A Brief History of Voting in the United States

In establishing a democratic republic, the founders put power in the hands of the people and their representatives as opposed to a monarch, but the U.S. Constitution originally left it to the states to determine “the Times, Places and Manner of holding Elections.” Most states restricted voting to white males who owned property, and some even employed religious tests that further restricted the vote to Christians. Also, not every state used the popular vote to determine which presidential candidates electors would vote for, so turnout in presidential elections was relatively low in the early years of the Republic.

The shared ideals laid out in the Declaration of Independence would be appealed to by abolitionists, women’s rights leaders, civil rights leaders, and more in efforts to expand voting rights over the years. The 19th century saw a loosening of requirements around property ownership as well as expansions of the notion of citizenship and related de jure extensions of the franchise. Also notable was the first instance of absentee voting during the Civil War to allow deployed soldiers to cast their ballots. And, with the change to states using the popular vote to inform electors’ votes for presidential candidates in 1824, turnout in presidential elections increased dramatically, generally fluctuating between 70 and 80 percent during the second half of the 19th century.

Reconstruction Amendments extend voting rights regardless of race. Following the Civil War, the 14th Amendment to the U.S. Constitution ensured that the Bill of Rights applied to all U.S. citizens, regardless of race. The Amendment’s Citizenship Clause guaranteed birthright citizenship to most people born in the United States or U.S. territories, overriding the Dred Scott v. Sandford (1857) U.S. Supreme Court decision that denied U.S. citizenship to African Americans, whether born in the United States or not, and whether enslaved or free.

While the 14th Amendment guaranteed the rights of citizenship regardless of color, states still controlled many of the specifics around elections, necessitating the 15th Amendment’s stipulation that “the right of citizens of the United States to vote shall not be denied or abridged by the United States or by any State on account of race, color, or previous condition of servitude.” Despite this, almost another century would pass before the Voting Rights Act and related legislation and court cases addressed remaining de facto barriers in such forms as poll taxes and literacy tests.

While the 15th Amendment prohibited the denial of the right to vote based on race, it would take an additional 50 years to extend that same right based on sex.

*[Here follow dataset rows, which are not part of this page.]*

lemma subspace_pre_annihilator: "subspace (pre_annihilator T S)"
  unfolding subspace_def pre_annihilator_def
  by (simp add: blinfun.zero_right blinfun.add_right blinfun.scaleR_right)

lemma subset_annihilator_pre_annihilator: "S \<subseteq> annihilator T (pre_annihilator T S)"
  unfolding annihilator_def pre_annihilator_def by auto

lemma zero_in_pre_annihilator_ball: "0 \<in> {\<nu>\<in>pre_annihilator T S. norm \<nu> \<le> 1}"
  using subspace_0[OF subspace_pre_annihilator] by simp

lemma blinfun_apply_le_norm:
  fixes \<phi> :: "'a::real_normed_vector \<Rightarrow>\<^sub>L real"
  shows "blinfun_apply \<phi> \<nu> \<le> norm \<phi> * norm \<nu>"
  using norm_blinfun[of \<phi> \<nu>] by simp

lemma bdd_above_pairing_ball:
  fixes \<phi> :: "'a::real_normed_vector \<Rightarrow>\<^sub>L real"
  shows "bdd_above ((\<lambda>\<nu>. blinfun_apply \<phi> \<nu>) ` {\<nu>\<in>A. norm \<nu> \<le> 1})"
proof (rule bdd_aboveI2)
  fix \<nu> assume "\<nu> \<in> {\<nu>\<in>A. norm \<nu> \<le> 1}"
  then have "norm \<phi> * norm \<nu> \<le> norm \<phi>"
    using mult_left_le[of "norm \<nu>" "norm \<phi>"] by simp
  then show "blinfun_apply \<phi> \<nu> \<le> norm \<phi>"
    using blinfun_apply_le_norm[of \<phi> \<nu>] by simp
qed

lemma dual_dist_nonneg: "0 \<le> dual_dist T S y"
  unfolding dual_dist_def
  using cSUP_upper[OF zero_in_pre_annihilator_ball bdd_above_pairing_ball]
  by (simp add: blinfun.zero_right)

lemma pairing_le_dual_dist:
  assumes "\<nu> \<in> pre_annihilator T S"
  shows "blinfun_apply (T y) \<nu> \<le> dual_dist T S y * norm \<nu>"
proof (cases "\<nu> = 0")
  case True
  then show ?thesis by (simp add: blinfun.zero_right)
next
  case False
  have "inverse (norm \<nu>) *\<^sub>R \<nu> \<in> {\<nu>\<in>pre_annihilator T S. norm \<nu> \<le> 1}"
    using subspace_scale[OF subspace_pre_annihilator assms] False by simp
  then have "inverse (norm \<nu>) * blinfun_apply (T y) \<nu> \<le> dual_dist T S y"
    unfolding dual_dist_def using bdd_above_pairing_ball
    by (intro cSUP_upper2) (auto simp: blinfun.scaleR_right)
  then show ?thesis
    using False by (simp add: field_simps)
qed

lemma dual_dist_le_dist:
  assumes "is_predual_iso T" and "x \<in> S"
  shows "dual_dist T S y \<le> norm (y - x)"
  unfolding dual_dist_def
proof (rule cSUP_least)
  show "{\<nu>\<in>pre_annihilator T S. norm \<nu> \<le> 1} \<noteq> {}"
    using zero_in_pre_annihilator_ball by blast
next
  fix \<nu> assume \<nu>: "\<nu> \<in> {\<nu>\<in>pre_annihilator T S. norm \<nu> \<le> 1}"
  then have "blinfun_apply (T y) \<nu> = blinfun_apply (T (y - x)) \<nu>"
    using \<open>x \<in> S\<close> is_predual_iso_linear[OF assms(1)]
    by (simp add: linear_diff blinfun.diff_left pre_annihilator_def)
  also have "\<dots> \<le> norm (T (y - x)) * norm \<nu>"
    by (rule blinfun_apply_le_norm)
  also have "\<dots> \<le> norm (y - x)"
    using \<nu> mult_left_le[of "norm \<nu>" "norm (y - x)"] is_predual_iso_norm[OF assms(1)] by simp
  finally show "blinfun_apply (T y) \<nu> \<le> norm (y - x)" .
qed
lemma near_identity_cong:
  assumes g: "near_identity g" and eq: "\<And>a. a \<in> F 1 \<Longrightarrow> h a = g a"
  shows "near_identity h"
proof (rule near_identityI)
  fix i a assume i: "1 \<le> i" and a: "a \<in> F i"
  then have "h a = g a"
    using eq F_mono by blast
  then show "h a - a \<in> F (2 * i)"
    using near_identity_quadratic[OF g i a] by simp
next
  fix j a b assume "a \<in> F 1" "b \<in> F 1" "a - b \<in> F j"
  then show "h a - h b - (a - b) \<in> F (Suc j)"
    using near_identity_contraction[OF g] eq by simp
qed

lemma near_identity_comp:
  assumes g: "near_identity g" and h: "near_identity h"
  shows "near_identity (\<lambda>a. g (h a))"
proof (rule near_identityI)
  fix i a assume i: "1 \<le> i" and a: "a \<in> F i"
  show "g (h a) - a \<in> F (2 * i)"
    using near_identity_quadratic[OF g i near_identity_in_F[OF h i a]]
      near_identity_quadratic[OF h i a] by (rule F_diff_trans)
next
  fix j a b assume a: "a \<in> F 1" and b: "b \<in> F 1" and ab: "a - b \<in> F j"
  have "h a \<in> F 1" "h b \<in> F 1"
    using near_identity_in_F[OF h] a b by auto
  then have "g (h a) - g (h b) - (h a - h b) \<in> F (Suc j)"
    using near_identity_contraction[OF g] near_identity_diff_in_F[OF h a b ab] by blast
  then show "g (h a) - g (h b) - (a - b) \<in> F (Suc j)"
    using near_identity_contraction[OF h a b ab] by (rule F_diff_trans)
qed

lemma near_identity_flim:
  assumes g: "near_identity g" and s: "\<And>n. s n \<in> F 1" and x: "x \<in> F 1"
    and lim: "flim F s x"
  shows "flim F (\<lambda>n. g (s n)) (g x)"
  using lim near_identity_diff_in_F[OF g s x] unfolding flim_def by blast

lemma near_identity_inj_on:
  assumes g: "near_identity g"
  shows "inj_on g (F 1)"
proof (rule inj_onI)
  fix a b assume a: "a \<in> F 1" and b: "b \<in> F 1" and eq: "g a = g b"
  have "a - b \<in> F j" for j
  proof (induction j)
    case 0
    show ?case by (simp add: F_0)
  next
    case (Suc j)
    then have "g a - g b - (a - b) \<in> F (Suc j)"
      using near_identity_contraction[OF g a b] by blast
    with eq have "b - a \<in> F (Suc j)" by simp
    then show ?case by (rule F_diff_commute[THEN iffD1])
  qed
  then show "a = b" by (rule F_eqI)
qed

lemma near_identity_surj:
  assumes g: "near_identity g" and c: "c \<in> F 1"
  shows "c \<in> g ` F 1"
proof -
  define b where "b n = ((\<lambda>x. x + (c - g x)) ^^ n) c" for n
  have b_Suc: "b (Suc n) = b n + (c - g (b n))" for n
    by (simp add: b_def)
  have b: "b n \<in> F 1 \<and> c - g (b n) \<in> F (Suc n)" for n
  proof (induction n)
    case 0
    show ?case using c F_diff[OF c near_identity_in_F[OF g _ c]] by (simp add: b_def)
  next
    case (Suc n)
    then have b1: "b (Suc n) \<in> F 1"
      unfolding b_Suc using F_mono[of "c - g (b n)" "Suc n" 1] by (simp add: F_add)
    have "b (Suc n) - b n \<in> F (Suc n)"
      using Suc by (simp add: b_Suc)
    then have "g (b (Suc n)) - g (b n) - (b (Suc n) - b n) \<in> F (Suc (Suc n))"
      using Suc b1 near_identity_contraction[OF g] by blast
    moreover have "g (b (Suc n)) - g (b n) - (b (Suc n) - b n) = g (b (Suc n)) - c"
      by (simp add: b_Suc)
    ultimately have "c - g (b (Suc n)) \<in> F (Suc (Suc n))"
      using F_diff_commute by metis
    with b1 show ?case by (rule conjI)
  qed
  have b_close: "c - g (b n) \<in> F n" for n
    using b[of n] F_mono[of "c - g (b n)" "Suc n" n] by simp
  have "flim F (\<lambda>n. b (Suc n) - b n) 0"
    by (intro flimI) (simp add: b_Suc b_close)
  then obtain x where lim: "flim F b x"
    using flim_exI_increments[of b] by blast
  have x: "x \<in> F 1"
    by (rule flim_closed[OF lim]) (use b in blast)
  have "flim F (\<lambda>n. g (b n)) c"
    by (rule flimI, rule F_diff_commute[THEN iffD1], rule b_close)
  moreover have "flim F (\<lambda>n. g (b n)) (g x)"
    by (rule near_identity_flim[OF g _ x lim]) (use b in blast)
  ultimately have "c = g x"
    by (rule flim_unique)
  then show ?thesis
    using x by (rule image_eqI)
qed

lemma near_identity_bij_betw:
  assumes "near_identity g"
  shows "bij_betw g (F 1) (F 1)"
proof -
  have "g ` F 1 = F 1"
    using near_identity_surj[OF assms] near_identity_in_F[OF assms, of 1] by auto
  then show ?thesis
    unfolding bij_betw_def using near_identity_inj_on[OF assms] by blast
qed

lemma near_identity_reflects_F:
  assumes g: "near_identity g" and x: "x \<in> F 1" and gx: "g x \<in> F i"
  shows "x \<in> F i"
proof -
  have "x \<in> F k" if "k \<le> i" for k
    using that
  proof (induction k)
    case 0
    show ?case by (simp add: F_0)
  next
    case (Suc k)
    show ?case
    proof (cases "k = 0")
      case True
      with x show ?thesis by simp
    next
      case False
      have "g x - x \<in> F (Suc k)"
        using F_mono[OF near_identity_quadratic[OF g _ Suc.IH]] Suc.prems False by simp
      moreover have "g x \<in> F (Suc k)"
        using F_mono[OF gx Suc.prems] .
      ultimately show ?thesis using F_diff by fastforce
    qed
  qed
  then show ?thesis by blast
qed

lemma near_identity_the_inv_into:
  assumes g: "near_identity g" and i: "1 \<le> i" and a: "a \<in> F i"
  shows "the_inv_into (F 1) g a - a \<in> F (2 * i)"
proof -
  let ?x = "the_inv_into (F 1) g a"
  have bij: "bij_betw g (F 1) (F 1)"
    using near_identity_bij_betw[OF g] .
  have a1: "a \<in> F 1"
    using F_mono[OF a i] .
  have x: "?x \<in> F 1" and gx: "g ?x = a"
    using bij_betwE[OF bij_betw_the_inv_into[OF bij]] f_the_inv_into_f_bij_betw[OF bij] a1
    by auto
  have "g ?x - ?x \<in> F (2 * i)"
    using near_identity_quadratic[OF g i near_identity_reflects_F[OF g x]] gx a by simp
  with gx show ?thesis using F_diff_commute by metis
qed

Likewise, citizenship for Native Americans was not a settled matter of law until a series of the Snyder Act of 1924 extended full citizenship to Native Americans born in the United States. Even then, it took more than 40 years before all 50 states allowed Native Americans to vote, with many voting protections reaffirmed and strengthened through the Voting Rights Act of 1965 and subsequent legislation.

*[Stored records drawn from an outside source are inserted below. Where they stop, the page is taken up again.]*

(* Let $N \ge 1$ and let $W_N$ be the set of binary words of length $N$. Define $\varphi_2 : W_N \to W_N$ by $\varphi_2(u) = 1^{p+1} v 11 v'$ if $u = 1^p v 111 v'$ where $p \geq 0$, $v'$ is a (possibly empty) word, and $v$ is a nonempty word whose first and last letters are $0$ and which does not contain $111$ as a contiguous subword; and $\varphi_2(u) = u$ otherwise. Then $|P(\varphi_2(u))| = |P(u)|$ for every $u \in W_N$.
   Context: For a binary word $x$, $x^j$ denotes $j$ concatenated copies of $x$, and juxtaposition denotes concatenation. For a binary word $w = w_1 \cdots w_\ell$ of length $\ell$, $P(w)$ is the set of indices $i \geq 2$ such that at least one of the following holds: (i) $\ell \geq i$ and $w_{i-1} w_i = 00$; (ii) $\ell \geq i+2$ and $w_{i-1} w_i w_{i+1} w_{i+2} = 0100$; (iii) $\ell \geq i+3$ and $w_{i-1} \cdots w_{i+3} = 01010$. *)

theory Defs
  imports Main
begin

(* Binary words are lists of naturals with letters in {0,1}; positions are 1-based
   in the paper, so w_i is  w ! (i - 1). *)

definition W :: "nat \<Rightarrow> nat list set" where
  "W N = {w. length w = N \<and> set w \<subseteq> {0, 1}}"

definition P :: "nat list \<Rightarrow> nat set" where
  "P w = {i. 2 \<le> i \<and>
     ((length w \<ge> i \<and> w ! (i - 2) = 0 \<and> w ! (i - 1) = 0)
    \<or> (length w \<ge> i + 2 \<and> w ! (i - 2) = 0 \<and> w ! (i - 1) = 1 \<and> w ! i = 0 \<and> w ! (i + 1) = 0)
    \<or> (length w \<ge> i + 3 \<and> w ! (i - 2) = 0 \<and> w ! (i - 1) = 1 \<and> w ! i = 0
        \<and> w ! (i + 1) = 1 \<and> w ! (i + 2) = 0))}"

definition contains_factor :: "nat list \<Rightarrow> nat list \<Rightarrow> bool" where
  "contains_factor x v \<longleftrightarrow> (\<exists>a b. v = a @ x @ b)"

definition good_v :: "nat list \<Rightarrow> bool" where
  "good_v v \<longleftrightarrow> v \<noteq> [] \<and> hd v = 0 \<and> last v = 0 \<and> \<not> contains_factor [1,1,1] v"

definition phi2_dec :: "nat list \<Rightarrow> nat \<Rightarrow> nat list \<Rightarrow> nat list \<Rightarrow> bool" where
  "phi2_dec u p v v' \<longleftrightarrow> u = replicate p 1 @ v @ [1,1,1] @ v' \<and> good_v v"

definition phi2 :: "nat list \<Rightarrow> nat list" where
  "phi2 u = (if \<exists>p v v'. phi2_dec u p v v'
             then (THE w. \<exists>p v v'. phi2_dec u p v v' \<and> w = replicate (p + 1) 1 @ v @ [1,1] @ v')
             else u)"

end

theory Submission
  imports Defs
begin

text \<open>An index \<open>i\<close> lies in \<open>P w\<close> exactly when the suffix of \<open>w\<close> starting at position
  \<open>i - 1\<close> begins with one of the patterns 00, 0100, 01010, so \<open>|P w|\<close> counts pattern
  occurrences. No pattern contains 11 or starts with 1; hence in \<open>x 11 y\<close> the count splits
  as the count of \<open>x 11\<close> plus that of \<open>y\<close>, and a leading 1 contributes nothing. Writing
  \<open>u = (1\<^sup>p v) 1 1 (1 v')\<close> and \<open>\<phi>\<^sub>2(u) = (1 1\<^sup>p v) 1 1 v'\<close> the two counts agree. The conditions
  on \<open>v\<close> only serve to make the decomposition of \<open>u\<close>, and hence \<open>\<phi>\<^sub>2\<close>, well defined.\<close>

fun starts_pattern :: "nat list \<Rightarrow> bool" where
  "starts_pattern (0 # 0 # _) = True"
| "starts_pattern (0 # Suc 0 # 0 # 0 # _) = True"
| "starts_pattern (0 # Suc 0 # 0 # Suc 0 # 0 # _) = True"
| "starts_pattern _ = False"

lemma P_ge_2: "i \<in> P w \<Longrightarrow> 2 \<le> i"
  by (simp add: P_def)

lemma two_in_P_iff: "2 \<in> P w \<longleftrightarrow> starts_pattern w"
  by (induction w rule: starts_pattern.induct) (auto simp: P_def)

lemma Suc_in_P_Cons_iff: "Suc (Suc (Suc k)) \<in> P (x # w) \<longleftrightarrow> Suc (Suc k) \<in> P w"
  by (simp add: P_def eval_nat_numeral)

lemma P_Cons: "P (x # w) = (if starts_pattern (x # w) then insert 2 (Suc ` P w) else Suc ` P w)"
proof (rule set_eqI)
  fix i
  consider "i < 2" | "i = 2" | k where "i = Suc (Suc (Suc k))"
  proof (cases "i < 2 \<or> i = 2")
    case False
    then have "i = Suc (Suc (Suc (i - 3)))" by arith
    then show thesis using that(3) by blast
  qed (use that in blast)
  then show "i \<in> P (x # w) \<longleftrightarrow> i \<in> (if starts_pattern (x # w) then insert 2 (Suc ` P w) else Suc ` P w)"
  proof cases
    case 1 then show ?thesis by (auto dest: P_ge_2)
  next
    case 2 then show ?thesis by (auto simp: two_in_P_iff dest: P_ge_2)
  next
    case 3 then show ?thesis using Suc_in_P_Cons_iff by (simp add: image_iff)
  qed
qed

fun pattern_count :: "nat list \<Rightarrow> nat" where
  "pattern_count [] = 0"
| "pattern_count (x # w) = (if starts_pattern (x # w) then 1 else 0) + pattern_count w"

lemma finite_P: "finite (P w)"
  by (rule finite_subset[of _ "{..length w}"]) (auto simp: P_def)

lemma card_P_eq_pattern_count: "card (P w) = pattern_count w"
proof (induction w)
  case Nil then show ?case by (simp add: P_def)
next
  case (Cons x w)
  have "2 \<notin> Suc ` P w" by (auto dest: P_ge_2)
  then show ?case using Cons finite_P[of w] by (simp add: P_Cons card_image)
qed

lemma starts_pattern_append_11: "starts_pattern (s @ 1 # 1 # r) = starts_pattern (s @ [1,1])"
  by (induction s rule: starts_pattern.induct) auto

lemma pattern_count_append_11:
  "pattern_count (xs @ 1 # 1 # r) = pattern_count (xs @ [1,1]) + pattern_count r"
proof (induction xs)
  case (Cons x xs)
  then show ?case using starts_pattern_append_11[of "x # xs" r] by simp
qed simp

lemma pattern_count_move_1_to_front:
  "pattern_count (1 # xs @ [1,1] @ ys) = pattern_count (xs @ [1,1,1] @ ys)"
proof -
  have "pattern_count (1 # xs @ [1,1] @ ys) = pattern_count (xs @ [1,1]) + pattern_count ys"
    using pattern_count_append_11[of xs ys] by simp
  also have "\<dots> = pattern_count (xs @ 1 # 1 # 1 # ys)"
    using pattern_count_append_11[of xs "1 # ys"] by simp
  finally show ?thesis by simp
qed

lemma replicate_1_append_0_eq:
  "replicate p 1 @ 0 # a = replicate q 1 @ (0::nat) # b \<Longrightarrow> p = q \<and> a = b"
proof (induction p arbitrary: q)
  case 0 then show ?case by (cases q) auto
next
  case (Suc p) then show ?case by (cases q) auto
qed

lemma good_v_no_111_overlap:
  assumes "good_v (w @ us)" and "us @ [1,1,1] @ x = [1,1,1] @ y"
  shows "us = []"
proof (rule ccontr)
  assume "us \<noteq> []"
  with assms(2) consider "us = [1]" | "us = [1,1]" | r where "us = [1,1,1] @ r"
    by (cases us; cases "tl us"; cases "tl (tl us)") auto
  then show False
    using assms(1) unfolding good_v_def contains_factor_def by cases auto
qed

lemma good_v_append_111_cancel:
  assumes "good_v v" and "good_v w" and "v @ [1,1,1] @ x = w @ [1,1,1] @ y"
  shows "v = w \<and> x = y"
proof -
  from assms(3) obtain us where
    "v = w @ us \<and> us @ [1,1,1] @ x = [1,1,1] @ y \<or> v @ us = w \<and> [1,1,1] @ x = us @ [1,1,1] @ y"
    unfolding append_eq_append_conv2 by blast
  then have "v = w"
    using good_v_no_111_overlap assms(1,2) by (metis append_Nil2)
  then show ?thesis using assms(3) by simp
qed

lemma phi2_dec_unique:
  assumes "phi2_dec u p v v'" and "phi2_dec u q w w'"
  shows "p = q \<and> v = w \<and> v' = w'"
proof -
  have "good_v v" and "good_v w" using assms by (simp_all add: phi2_dec_def)
  then obtain a b where a: "v = 0 # a" and b: "w = 0 # b"
    unfolding good_v_def by (metis hd_Cons_tl)
  have "replicate p 1 @ 0 # a @ [1,1,1] @ v' = replicate q 1 @ 0 # b @ [1,1,1] @ w'"
    using assms a b by (simp add: phi2_dec_def)
  from replicate_1_append_0_eq[OF this] a b
  have "p = q" and "v @ [1,1,1] @ v' = w @ [1,1,1] @ w'" by simp_all
  then show ?thesis using good_v_append_111_cancel \<open>good_v v\<close> \<open>good_v w\<close> by blast
qed

lemma phi2_eq_if_phi2_dec:
  assumes "phi2_dec u p v v'"
  shows "phi2 u = 1 # replicate p 1 @ v @ [1,1] @ v'"
proof -
  have "(THE w. \<exists>p v v'. phi2_dec u p v v' \<and> w = replicate (p + 1) 1 @ v @ [1,1] @ v')
      = replicate (p + 1) 1 @ v @ [1,1] @ v'"
    using assms phi2_dec_unique by (intro the_equality) blast+
  then show ?thesis using assms by (auto simp: phi2_def)
qed

lemma card_P_phi2: "card (P (phi2 u)) = card (P u)"
proof (cases "\<exists>p v v'. phi2_dec u p v v'")
  case True
  then obtain p v v' where dec: "phi2_dec u p v v'" by blast
  then have "u = (replicate p 1 @ v) @ [1,1,1] @ v'" by (simp add: phi2_dec_def)
  with phi2_eq_if_phi2_dec[OF dec] show ?thesis
    using pattern_count_move_1_to_front[of "replicate p 1 @ v" v']
    by (simp add: card_P_eq_pattern_count)
qed (simp add: phi2_def)

text \<open>The identity holds for every word.\<close>

theorem lemma4p2:
  fixes N :: nat and u :: "nat list"
  assumes "N \<ge> 1" and "u \<in> W N"
  shows "card (P (phi2 u)) = card (P u)"
  by (rule card_P_phi2)

end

Eliminating de facto disenfranchisement. Ratified in 1964, the 24th Amendment prohibited denying citizens the right to vote for “failure to pay any poll tax or other tax.” Further solidifying the prohibition of poll taxes, the U.S. Supreme Court found poll taxes to be unconstitutional under the equal protection clause of the 14th Amendment in Harper v. Virginia State Board of Elections (1966).

The Voting Rights Act—” to enforce the fifteenth amendment to the Constitution”—was passed 95 years after the amendment was ratified, after peaceful demonstrations met with considerable violence brought renewed attention to the issue of voting rights. The Act outlawed discriminatory voting practices such as literacy tests, established a federal “preclearance” role for any new voting practices and procedures in “covered” jurisdictions, and directed the Attorney General to challenge the use of poll taxes (resulting in the aforementioned Harper decision). By the end of 1965, a quarter of a million new Black voters had been registered. The Act was immediately challenged and upheld by the U.S. Supreme Court in a series of decisions between 1965 and 1868, and reauthorized by Congress in 1970, 1975, 1982, 1992, and 2006.

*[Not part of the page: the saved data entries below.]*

(* Let $n\ge 1$ and let $\gamma_{n,k}^S$ be the integers defined by $$\sum_{\pi\in\mathfrak{S}_n(2413,3142)}t^{\mathrm{des}(\pi)}=\sum_{k=0}^{\lfloor\frac{n-1}{2}\rfloor}\gamma_{n,k}^S\, t^k (1+t)^{n-1-2k}.$$ Then for $0\le k\le\lfloor (n-1)/2\rfloor$, $\gamma_{n,k}^S=|\mathfrak{D}\mathfrak{T}_{n,k}^{1}|$, where $$\mathfrak{D}\mathfrak{T}_{n,k}^{1} :=\{T\in\mathfrak{D}\mathfrak{T}_n : r_{o}(T)=n-1-2k \text{ and every right chain of odd length in $T$ has first node labelled }\oplus \}.$$
   Context: $\mathfrak{S}_n(2413,3142)$ is the set of permutations of $[n]$ avoiding the patterns $2413$ and $3142$; $\mathrm{des}(\pi)=\#\{i\in[n-1]:\pi_i>\pi_{i+1}\}$. (The integers $\gamma^S_{n,k}$ are uniquely determined, this polynomial being palindromic of darga $n-1$.) A binary tree is either empty or consists of a root with a left and a right subtree, both binary trees. A right chain is a maximal sequence of nodes $v_1,\dots,v_l$ with $v_1$ the root or a left child and each $v_{j+1}$ the right child of $v_j$; $l$ is its length and $v_1$ its first node. $r_o(T)$ is the number of right chains of odd length in $T$. A di-sk tree is a binary tree with nodes labelled $\oplus$ or $\ominus$ such that labels alternate along every right chain; $\mathfrak{D}\mathfrak{T}_n$ is the set of di-sk trees with $n-1$ nodes. *)

theory Defs
  imports "HOL-Library.Tree" "HOL-Computational_Algebra.Polynomial"
begin

definition perms :: "nat \<Rightarrow> nat list set" where
  "perms n = {p. distinct p \<and> set p = {1..n}}"

definition contains_2413 :: "nat list \<Rightarrow> bool" where
  "contains_2413 p \<longleftrightarrow> (\<exists>a b c d. a < b \<and> b < c \<and> c < d \<and> d < length p \<and>
      p!c < p!a \<and> p!a < p!d \<and> p!d < p!b)"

As part of the 1975 reauthorization of the Voting Rights Act, new provisions were added to require the provision of multilingual assistance at the polls and voting materials in multiple languages to protect the rights of citizens with limited or no proficiency in English. The 1982 reauthorization required states to make voting more accessible for people with disabilities.

Lowering the voting age. In 1971, the 26th Amendment prohibited the use of age as a reason to deny the vote to citizens 18 and older. The 1960s’ student activism largely drove this franchise expansion, along with the war in Vietnam in which many 18–20-year-olds were drafted but largely could not vote.

Efforts to expand voter registration and participation. Even as the number of legally eligible voters increased, the 20th century saw a decrease in voter engagement. To address the first step in voter engagement, the National Voter Registration Act—commonly known as “motor voter”—was passed in 1993. The law required states to (a) allow voter registration when citizens applied for driver’s licenses and at offices offering public assistance; and (b) offer mail-in registration. More than 30 million people completed voter registration applications or updated their registration through means made available because of the law in the first year of its implementation.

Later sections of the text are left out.